Am I the only one who didn't know the slide and divide method?

If you've read my book, or the digital filter courses in this blog, you know that I know a thing or two about math in general, and polynomials in particular. But I hadn't heard of "Slide and Divide" until last week. The excellent math teacher at one of the places where I volunteer as a tutor, e-mailed me to Google on it and learn how to do it. I did, and have now been able to help several of her students with it.

You could also Google it, but I'll show it here for those who haven't seen it. To begin with, let's make an example that we know will be factorable:

(3x + 2)(5x - 4) = 15x^2 -2x -8. (Did I do that right?)

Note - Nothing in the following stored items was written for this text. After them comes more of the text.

(* Suppose the Drift Assumption, the Unbiased Noise Assumption and the Lipschitz Assumption hold, and that the $p$-th Moment Noise Assumption holds for every $p>1$ (with constants $A_p>0$, $B_p\ge 0$ allowed to depend on $p$). Let the step sizes be $\alpha_k=\alpha(k+K)^{-\xi}$ with constants $\alpha,K>0$ and any $\xi\in(0,1]$. Then the iterates of $x_{k+1}=x_k+\alpha_k(H(x_k)-x_k+w_k)$ converge almost surely to $x^\star$, the solution of $H(x)=x$.
   Context: Let $\|\cdot\|$ denote the Euclidean norm on $\mathbb{R}^d$ and $\langle\cdot,\cdot\rangle$ the Euclidean inner product. Let $H:\mathbb{R}^d\to\mathbb{R}^d$ and consider the stochastic approximation iteration $x_{k+1}=x_k+\alpha_k\big(H(x_k)-x_k+w_k\big)$, $k\ge 0$, where $x_0$ is an initial point, $(\alpha_k)_{k\ge0}$ are positive step sizes and $(w_k)_{k\ge0}$ are random vectors in $\mathbb{R}^d$ defined on a common probability space. Let $\mathcal F_k=\sigma(x_0,x_1,\dots,x_k)$. Drift Assumption: there is $x^\star\in\mathbb{R}^d$ with $H(x^\star)=x^\star$, a differentiable function $\Phi:\mathbb{R}^d\to[0,\infty)$ and constants $\eta,c_1,c_2,L_2>0$ such that (i) $\langle\nabla\Phi(x-x^\star),H(x)-x\rangle\le-\eta\,\Phi(x-x^\star)$ for all $x\in\mathbb{R}^d$; (ii) $\Phi(y)\le\Phi(x)+\langle\nabla\Phi(x),y-x\rangle+\frac{L_2}{2}\|y-x\|^2$ for all $x,y\in\mathbb{R}^d$; (iii) $c_1\|x-x^\star\|^2\le\Phi(x-x^\star)\le c_2\|x-x^\star\|^2$ for all $x\in\mathbb{R}^d$. Unbiased Noise Assumption: each $w_k$ is integrable and $\mathbb{E}[w_k\mid\mathcal F_k]=0$ almost surely for all $k\ge0$. $p$-th Moment Noise Assumption (for a given $p>1$): there are constants $A_p>0$, $B_p\ge0$ such that $\mathbb{E}[\|w_k\|^p\mid\mathcal F_k]\le A_p+B_p\|x_k-x^\star\|^p$ almost surely for all $k\ge 0$. Lipschitz Assumption: there is $C>0$ with $\|H(x)-H(y)\|\le C\|x-y\|$ for all $x,y\in\mathbb{R}^d$. *)

theory Defs
  imports "HOL-Probability.Probability"
begin

definition natural_filtration ::
  "'a measure \<Rightarrow> (nat \<Rightarrow> 'a \<Rightarrow> 'b::topological_space) \<Rightarrow> nat \<Rightarrow> 'a measure" where
  "natural_filtration M X k =
     sigma (space M) (\<Union>i\<in>{..k}. {X i -` B \<inter> space M | B. B \<in> sets borel})"
text \<open>The indicator makes the integrand measurable although \<open>f\<close> is only continuous on the disc.\<close>
lemma bergman_pow_eq_nn_integral:
  assumes f: "continuous_on (ball 0 1) f" and \<alpha>: "\<alpha> > -1" and t: "0 < t"
  shows "bergman_pow \<alpha> t f
    = (\<integral>\<^sup>+z. ennreal ((indicator (ball 0 1) z * cmod (f z)) powr t) \<partial>bergman_measure \<alpha>)"
proof -
  have [measurable]: "ball (0::complex) 1 \<in> sets borel" by simp
  define h where "h = (\<lambda>z::complex. indicator (ball 0 1) z * cmod (f z))"
  have [measurable]: "h \<in> borel_measurable borel"
    unfolding h_def using f by (rule borel_measurable_indicator_ball_norm)
  have "bergman_pow \<alpha> t f = ennreal (\<alpha> + 1) * (\<integral>\<^sup>+z. ennreal (h z powr t * (1 - (cmod z)\<^sup>2) powr \<alpha> / pi) \<partial>lborel)"
    unfolding bergman_pow_def using t
    by (auto intro!: arg_cong2[where f="(*)"] nn_integral_cong simp: h_def indicator_def)
  also have "\<dots> = (\<integral>\<^sup>+z. ennreal (\<alpha> + 1) * ennreal (h z powr t * (1 - (cmod z)\<^sup>2) powr \<alpha> / pi) \<partial>lborel)"
    by (rule nn_integral_cmult[symmetric]) measurable
  also have "\<dots> = (\<integral>\<^sup>+z. ennreal (indicator (ball 0 1) z / pi) *
      (ennreal ((\<alpha> + 1) * (1 - (cmod z)\<^sup>2) powr \<alpha>) * ennreal (h z powr t)) \<partial>lborel)"
    using \<alpha> t by (intro nn_integral_cong) (auto simp: h_def indicator_def simp flip: ennreal_mult)
  also have "\<dots> = (\<integral>\<^sup>+z. ennreal ((\<alpha> + 1) * (1 - (cmod z)\<^sup>2) powr \<alpha>) * ennreal (h z powr t) \<partial>disc_measure)"
    unfolding disc_measure_def by (subst nn_integral_density) auto
  also have "\<dots> = (\<integral>\<^sup>+z. ennreal (h z powr t) \<partial>bergman_measure \<alpha>)"
    unfolding bergman_measure_def by (subst nn_integral_density) (auto simp: disc_measure_def)
  finally show ?thesis by (simp add: h_def)
qed
lemma integral_kernel_divide:
  "(\<integral> t. of_real t / (- z * (1 + w * of_real t)) \<partial>M) = resolvent_integral M w / - z"
proof -
  have "of_real t / (- z * (1 + w * of_real t)) = of_real t / (1 + w * of_real t) / - z" for t
    by (simp add: mult.commute)
  then show ?thesis
    unfolding resolvent_integral_def by (simp only: integral_divide_zero)
qed

lemma coupled_solutionI:
  assumes "nonneg_real_distribution M1" "nonneg_real_distribution M2"
    and "c1 > 0" "c2 > 0" "Im z > 0" "Im d1 > 0" "Im d2 > 0"
    and "d1 = of_real c1 * (\<integral> t. of_real t / (- z * (1 + d2 * of_real t)) \<partial>M1)"
    and "d2 = of_real c2 * (\<integral> t. of_real t / (- z * (1 + d1 * of_real t)) \<partial>M2)"
  shows "coupled_solution M1 M2 c1 c2 z d1 d2"
proof -
  have "z \<noteq> 0"
    using assms(5) by auto
  have "- z * d1 = of_real c1 * resolvent_integral M1 d2"
    using assms(8) \<open>z \<noteq> 0\<close> unfolding integral_kernel_divide by simp
  moreover have "- z * d2 = of_real c2 * resolvent_integral M2 d1"
    using assms(9) \<open>z \<noteq> 0\<close> unfolding integral_kernel_divide by simp
  ultimately show ?thesis
    using assms(1-7) unfolding coupled_solution_def coupled_solution_axioms_def by blast
qed

lemma bounded_resolvent_moments_off_imaginary_axis:
  fixes d1 d2 :: "complex \<Rightarrow> complex"
  assumes M1_ne: "M1 \<noteq> return borel 0" and M2_ne: "M2 \<noteq> return borel 0"
    and sol: "\<And>z. z \<in> R \<Longrightarrow> coupled_solution M1 M2 c1 c2 z (d1 z) (d2 z)"
    and "bounded R" and eps: "0 < \<epsilon>" "\<And>z. z \<in> R \<Longrightarrow> \<epsilon> \<le> \<bar>Re z\<bar>"
  shows "\<exists>C. \<forall>z\<in>R. \<forall>l\<in>{1, 2}. resolvent_moment M1 (d2 z) l \<le> C"
proof -
  obtain K where K: "\<And>z. z \<in> R \<Longrightarrow> cmod z \<le> K"
    using \<open>bounded R\<close> unfolding bounded_iff by blast
  have R: "\<epsilon> \<le> cmod z \<and> cmod z \<le> K" if "z \<in> R" for z
    using eps(2)[OF that] K[OF that] abs_Re_le_cmod[of z] by linarith
  obtain D1 where D1: "\<And>z. z \<in> R \<Longrightarrow> cmod (d1 z) \<le> D1"
    using uniformly_bounded_norm_d1[OF M2_ne sol eps(1) R] by blast
  obtain D2 where D2: "\<And>z. z \<in> R \<Longrightarrow> cmod (d2 z) \<le> D2"
    using uniformly_bounded_norm_d1[OF M1_ne coupled_solution.swapped[OF sol] eps(1) R] by blast
  show ?thesis
    by (rule uniformly_bounded_resolvent_moments[OF M2_ne sol K D1 D2])
qed
(* Every WD-algebra $\mathbf A$ is isomorphic to a subalgebra of $\mathcal A(\mathcal F(\mathbf A))$; more precisely, the map $\sigma_{\mathbf A}(a)=\{P\in X(\mathbf A)\colon a\in P\}$ is an injective homomorphism from $\mathbf A$ into $\mathcal A(\mathcal F(\mathbf A))$.
   Context: A WD-algebra is an algebra $(A,\wedge,\vee,\leftarrow,0,1)$ such that $(A,\wedge,\vee,0,1)$ is a bounded distributive lattice and for all $a,b,c\in A$: $a\leftarrow a=0$; $(a\vee b)\leftarrow c=(a\leftarrow c)\vee(b\leftarrow c)$; $a\leftarrow(b\wedge c)=(a\leftarrow b)\vee(a\leftarrow c)$; $a\leftarrow c\le(a\leftarrow b)\vee(b\leftarrow c)$. $X(\mathbf A)$ is the set of prime filters of $\mathbf A$; $S_{\mathbf A}$ is the relation on $X(\mathbf A)$ with $(P,Q)\in S_{\mathbf A}$ iff for all $a,b\in A$, $a\in Q$ and $b\notin Q$ imply $a\leftarrow b\in P$. $\mathcal F(\mathbf A)=(X(\mathbf A),\subseteq,S_{\mathbf A})$. For a structure $\mathcal F=(X,\le,S)$, $\mathcal A(\mathcal F)=(\mathrm{Up}(X),\cap,\cup,\Leftarrow_S,\emptyset,X)$, where $\mathrm{Up}(X)$ is the set of upsets of $(X,\le)$ and $U\Leftarrow_S V=\{x\in X\colon S(x)\cap(U\setminus V)\neq\emptyset\}$ with $S(x)=\{y\colon(x,y)\in S\}$. *)

theory Defs
  imports Main
begin

text \<open>A WD-algebra: the bounded distributive lattice is the type class structure
  (inf, sup, bot = 0, top = 1) on type 'a, and imp a b stands for a \<leftarrow> b.\<close>
definition wd_algebra :: "('a::{distrib_lattice,bounded_lattice} \<Rightarrow> 'a \<Rightarrow> 'a) \<Rightarrow> bool" where
  "wd_algebra imp \<longleftrightarrow>
     (\<forall>a. imp a a = bot) \<and>
     (\<forall>a b c. imp (sup a b) c = sup (imp a c) (imp b c)) \<and>
     (\<forall>a b c. imp a (inf b c) = sup (imp a b) (imp a c)) \<and>
     (\<forall>a b c. imp a c \<le> sup (imp a b) (imp b c))"

definition prime_filter :: "'a::{distrib_lattice,bounded_lattice} set \<Rightarrow> bool" where
  "prime_filter P \<longleftrightarrow>
     top \<in> P \<and> bot \<notin> P \<and>
     (\<forall>a b. a \<in> P \<and> a \<le> b \<longrightarrow> b \<in> P) \<and>
     (\<forall>a b. a \<in> P \<and> b \<in> P \<longrightarrow> inf a b \<in> P) \<and>
     (\<forall>a b. sup a b \<in> P \<longrightarrow> a \<in> P \<or> b \<in> P)"

definition prime_filters :: "'a::{distrib_lattice,bounded_lattice} set set" where
  "prime_filters = {P. prime_filter P}"

definition S_rel :: "('a::{distrib_lattice,bounded_lattice} \<Rightarrow> 'a \<Rightarrow> 'a) \<Rightarrow> ('a set \<times> 'a set) set" where
  "S_rel imp = {(P, Q). P \<in> prime_filters \<and> Q \<in> prime_filters \<and>
                 (\<forall>a b. a \<in> Q \<and> b \<notin> Q \<longrightarrow> imp a b \<in> P)}"

definition upsets :: "'x set \<Rightarrow> ('x \<Rightarrow> 'x \<Rightarrow> bool) \<Rightarrow> 'x set set" where
  "upsets X le = {U. U \<subseteq> X \<and> (\<forall>x\<in>U. \<forall>y\<in>X. le x y \<longrightarrow> y \<in> U)}"

definition larrow_S :: "'x set \<Rightarrow> ('x \<times> 'x) set \<Rightarrow> 'x set \<Rightarrow> 'x set \<Rightarrow> 'x set" where
  "larrow_S X S U V = {x \<in> X. {y. (x, y) \<in> S} \<inter> (U - V) \<noteq> {}}"

definition sigma :: "'a::{distrib_lattice,bounded_lattice} \<Rightarrow> 'a set set" where
  "sigma a = {P \<in> prime_filters. a \<in> P}"

text \<open>h is a homomorphism from (A, inf, sup, imp, bot, top) into
  A(F(A)) = (Up(X(A)), \<inter>, \<union>, \<Leftarrow>_{S_A}, {}, X(A)).\<close>
definition hom_into_complex_algebra ::
  "('a::{distrib_lattice,bounded_lattice} \<Rightarrow> 'a \<Rightarrow> 'a) \<Rightarrow> ('a \<Rightarrow> 'a set set) \<Rightarrow> bool" where
  "hom_into_complex_algebra imp h \<longleftrightarrow>
     (\<forall>a. h a \<in> upsets prime_filters (\<subseteq>)) \<and>
     (\<forall>a b. h (inf a b) = h a \<inter> h b) \<and>
     (\<forall>a b. h (sup a b) = h a \<union> h b) \<and>
     (\<forall>a b. h (imp a b) = larrow_S prime_filters (S_rel imp) (h a) (h b)) \<and>
     h bot = {} \<and> h top = prime_filters"

end

theory Submission
  imports Defs
begin

text \<open>Injectivity of \<open>sigma\<close> is the prime filter theorem, and \<open>sigma\<close> preserves the lattice
  operations because prime filters are prime. The real work is the inclusion
  \<open>sigma (a \<leftarrow> b) \<subseteq> sigma a \<Leftarrow> sigma b\<close>: for a prime filter \<open>P\<close> containing \<open>a \<leftarrow> b\<close> one needs
  a prime filter \<open>Q\<close> with \<open>a \<in> Q\<close>, \<open>b \<notin> Q\<close> and \<open>(P, Q) \<in> S\<close>, i.e. \<open>Q\<close> closed under the relation
  \<open>c \<turnstile> d \<longleftrightarrow> c \<leftarrow> d \<notin> P\<close>. The WD-axioms make \<open>\<turnstile>\<close> a consequence relation on the lattice
  (a preorder extending \<open>\<le>\<close>, closed under meets on the right and joins on the left), and the
  usual Zorn argument for the prime filter theorem works for any such relation; the
  order \<open>\<le>\<close> itself is the special case giving injectivity.\<close>

locale lattice_consequence =
  fixes T :: "'a::{distrib_lattice,bounded_lattice} \<Rightarrow> 'a \<Rightarrow> bool"
  assumes consequence_of_le: "c \<le> d \<Longrightarrow> T c d"
    and consequence_trans: "T c d \<Longrightarrow> T d e \<Longrightarrow> T c e"
    and consequence_inf: "T c d1 \<Longrightarrow> T c d2 \<Longrightarrow> T c (inf d1 d2)"
    and consequence_sup: "T c1 d \<Longrightarrow> T c2 d \<Longrightarrow> T (sup c1 c2) d"
begin

lemma consequence_antimono: "c' \<le> c \<Longrightarrow> T c d \<Longrightarrow> T c' d"
  using consequence_of_le consequence_trans by blast

lemma consequence_inf_left_mono: "m' \<le> m \<Longrightarrow> T (inf m x) e \<Longrightarrow> T (inf m' x) e"
  using consequence_antimono inf_mono order_refl by metis

definition consequence_filter :: "'a set \<Rightarrow> bool" where
  "consequence_filter F \<longleftrightarrow> (\<forall>c\<in>F. \<forall>d. T c d \<longrightarrow> d \<in> F) \<and> (\<forall>c\<in>F. \<forall>d\<in>F. inf c d \<in> F)"

lemma consequence_filter_principal: "consequence_filter {d. T a d}"
  unfolding consequence_filter_def using consequence_trans consequence_inf by blast

lemma consequence_filter_Union_chain:
  assumes "\<And>F. F \<in> C \<Longrightarrow> consequence_filter F"
    and "\<And>F G. F \<in> C \<Longrightarrow> G \<in> C \<Longrightarrow> F \<subseteq> G \<or> G \<subseteq> F"
  shows "consequence_filter (\<Union>C)"
  unfolding consequence_filter_def
proof (intro conjI ballI)
  show "\<forall>d. T c d \<longrightarrow> d \<in> \<Union>C" if "c \<in> \<Union>C" for c
    using that assms(1) unfolding consequence_filter_def by blast
  show "inf c d \<in> \<Union>C" if "c \<in> \<Union>C" "d \<in> \<Union>C" for c d
  proof -
    from that obtain F G where FG: "F \<in> C" "G \<in> C" and "c \<in> F" "d \<in> G" by blast
    with assms(2)[OF FG] obtain H where "H \<in> C" "c \<in> H" "d \<in> H" by blast
    with assms(1) show ?thesis unfolding consequence_filter_def by blast
  qed
qed

lemma consequence_filter_adjoin:
  fixes x :: 'a
  assumes M: "consequence_filter M" and "m\<^sub>0 \<in> M"
  defines "F \<equiv> {e. \<exists>m\<in>M. T (inf m x) e}"
  shows "consequence_filter F" and "M \<subseteq> F" and "x \<in> F"
proof -
  show "consequence_filter F"
    unfolding consequence_filter_def
  proof (intro conjI ballI)
    show "\<forall>e. T c e \<longrightarrow> e \<in> F" if "c \<in> F" for c
      using that consequence_trans unfolding F_def by blast
    show "inf c d \<in> F" if "c \<in> F" "d \<in> F" for c d
    proof -
      from that obtain m1 m2 where m: "m1 \<in> M" "m2 \<in> M" "T (inf m1 x) c" "T (inf m2 x) d"
        unfolding F_def by blast
      have "T (inf (inf m1 m2) x) c" "T (inf (inf m1 m2) x) d"
        using consequence_inf_left_mono[OF inf_le1 m(3)] consequence_inf_left_mono[OF inf_le2 m(4)] .
      moreover have "inf m1 m2 \<in> M" using M m(1,2) unfolding consequence_filter_def by blast
      ultimately show ?thesis unfolding F_def using consequence_inf by blast
    qed
  qed
  show "M \<subseteq> F" unfolding F_def using consequence_of_le[OF inf_le1] by blast
  show "x \<in> F" unfolding F_def using \<open>m\<^sub>0 \<in> M\<close> consequence_of_le[OF inf_le2] by blast
qed

lemma maximal_separating_filter_exists:
  assumes "\<not> T a b"
  obtains M where "consequence_filter M" "a \<in> M" "b \<notin> M"
    and "\<And>F. consequence_filter F \<Longrightarrow> b \<notin> F \<Longrightarrow> M \<subseteq> F \<Longrightarrow> F = M"
proof -
  let ?A = "{F. consequence_filter F \<and> a \<in> F \<and> b \<notin> F}"
  have "{d. T a d} \<in> ?A"
    using consequence_filter_principal consequence_of_le assms by auto
  moreover have "\<Union>C \<in> ?A" if "C \<noteq> {}" "subset.chain ?A C" for C
  proof -
    have "C \<subseteq> ?A" "\<And>F G. F \<in> C \<Longrightarrow> G \<in> C \<Longrightarrow> F \<subseteq> G \<or> G \<subseteq> F"
      using that(2) unfolding subset.chain_def by blast+
    then show ?thesis using that(1) consequence_filter_Union_chain[of C] by blast
  qed
  ultimately have "\<exists>M\<in>?A. \<forall>F\<in>?A. M \<subseteq> F \<longrightarrow> F = M"
    by (intro subset_Zorn_nonempty) blast+
  then obtain M where M: "consequence_filter M" "a \<in> M" "b \<notin> M"
    and max: "\<forall>F\<in>?A. M \<subseteq> F \<longrightarrow> F = M" by blast
  show thesis
    by (rule that[OF M]) (use max M(2) in blast)
qed

text \<open>A consequence filter maximal among those avoiding \<open>b\<close> is prime: if \<open>x \<notin> M\<close>, maximality
  forces \<open>b\<close> into the filter generated by \<open>M\<close> and \<open>x\<close>, and \<open>T\<close> being closed under joins on the
  left combines two such witnesses for \<open>x\<close> and \<open>y\<close> into one for \<open>sup x y\<close>.\<close>
lemma maximal_separating_filter_prime:
  assumes M: "consequence_filter M" "a \<in> M" "b \<notin> M"
    and max: "\<And>F. consequence_filter F \<Longrightarrow> b \<notin> F \<Longrightarrow> M \<subseteq> F \<Longrightarrow> F = M"
  shows "prime_filter M"
proof -
  have up: "d \<in> M" if "c \<in> M" "c \<le> d" for c d
    using M(1) that consequence_of_le unfolding consequence_filter_def by blast
  have inf_closed: "inf c d \<in> M" if "c \<in> M" "d \<in> M" for c d
    using M(1) that unfolding consequence_filter_def by blast
  have witness: "\<exists>m\<in>M. T (inf m x) b" if "x \<notin> M" for x
  proof (rule ccontr)
    let ?F = "{e. \<exists>m\<in>M. T (inf m x) e}"
    assume "\<not> (\<exists>m\<in>M. T (inf m x) b)"
    then have "b \<notin> ?F" by blast
    with consequence_filter_adjoin[OF M(1,2), of x] max have "?F = M" by blast
    with consequence_filter_adjoin(3)[OF M(1,2), of x] \<open>x \<notin> M\<close> show False by blast
  qed
  have prime: "x \<in> M \<or> y \<in> M" if "sup x y \<in> M" for x y
  proof (rule ccontr)
    assume "\<not> (x \<in> M \<or> y \<in> M)"
    then obtain m m' where "m \<in> M" "m' \<in> M" "T (inf m x) b" "T (inf m' y) b"
      using witness by blast
    then have "T (inf (inf m m') x) b" "T (inf (inf m m') y) b"
      using consequence_inf_left_mono[OF inf_le1] consequence_inf_left_mono[OF inf_le2] by blast+
    then have "T (inf (inf m m') (sup x y)) b"
      using consequence_sup by (simp add: inf_sup_distrib1)
    moreover have "inf (inf m m') (sup x y) \<in> M"
      using inf_closed \<open>m \<in> M\<close> \<open>m' \<in> M\<close> that by blast
    ultimately show False using M(1,3) unfolding consequence_filter_def by blast
  qed
  have "top \<in> M" using up[OF M(2) top_greatest] .
  moreover have "bot \<notin> M" using up[of bot b] M(3) by auto
  ultimately show ?thesis
    unfolding prime_filter_def using up inf_closed prime by blast
qed

lemma prime_filter_separation:
  assumes "\<not> T a b"
  obtains Q where "prime_filter Q" "a \<in> Q" "b \<notin> Q" "\<And>c d. c \<in> Q \<Longrightarrow> T c d \<Longrightarrow> d \<in> Q"
proof -
  obtain M where M: "consequence_filter M" "a \<in> M" "b \<notin> M"
    and max: "\<And>F. consequence_filter F \<Longrightarrow> b \<notin> F \<Longrightarrow> M \<subseteq> F \<Longrightarrow> F = M"
    using maximal_separating_filter_exists[OF assms] by blast
  have "prime_filter M" using M max by (rule maximal_separating_filter_prime)
  with M show thesis by (intro that) (auto simp: consequence_filter_def)
qed

end

lemma lattice_consequence_le: "lattice_consequence ((\<le>) :: 'a::{distrib_lattice,bounded_lattice} \<Rightarrow> 'a \<Rightarrow> bool)"
  by unfold_locales auto

lemma prime_filter_theorem:
  fixes a b :: "'a::{distrib_lattice,bounded_lattice}"
  assumes "\<not> a \<le> b"
  obtains Q where "prime_filter Q" "a \<in> Q" "b \<notin> Q"
  using lattice_consequence.prime_filter_separation[OF lattice_consequence_le assms] by blast

lemma prime_filter_mono: "prime_filter P \<Longrightarrow> x \<in> P \<Longrightarrow> x \<le> y \<Longrightarrow> y \<in> P"
  unfolding prime_filter_def by blast

lemma prime_filter_sup_iff: "prime_filter P \<Longrightarrow> sup x y \<in> P \<longleftrightarrow> x \<in> P \<or> y \<in> P"
  unfolding prime_filter_def by (meson sup_ge1 sup_ge2)

lemma prime_filter_inf_iff: "prime_filter P \<Longrightarrow> inf x y \<in> P \<longleftrightarrow> x \<in> P \<and> y \<in> P"
  unfolding prime_filter_def by (meson inf_le1 inf_le2)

The first thing we do is replace c (the -8 in this case) with the product of a and c = -8 x 15 = -120.

Now, we write a new polynomial: x^2 -2x -120. Note that it is NOT equivalent to the one we're trying to factor. It's just a new polynomial that will help us with our job. So let's factor it. It's easier since a = 1.

(x  + 10)(x - 12)

Now, we have to divide the roots by the 15 by which we multiplied c above. (Repeat caveat about equivalence.)

(x + 10/15)(x - 12/15) = (x + 2/3)(x - 4/5)

Now, in the case of fractional roots such as these, we multiply each factor by its root's denominator: 3(x + 2/3) and 5(x-4/5). (Repeat caveat about equivalence.)

Finally, we simplify those: (3x + 2)(5x - 4)

Ordinarily we could FOIL it back out to check, but there's no need since we started with the same factors above.

Pretty slick right? The fact that it violates equivalence along the way was bothersome at first, but that's really just an accounting problem. One keeps track of what's equivalent and not, and uses the rest as intermediate calculations. In the end it's easy to demonstrate that the result is correct.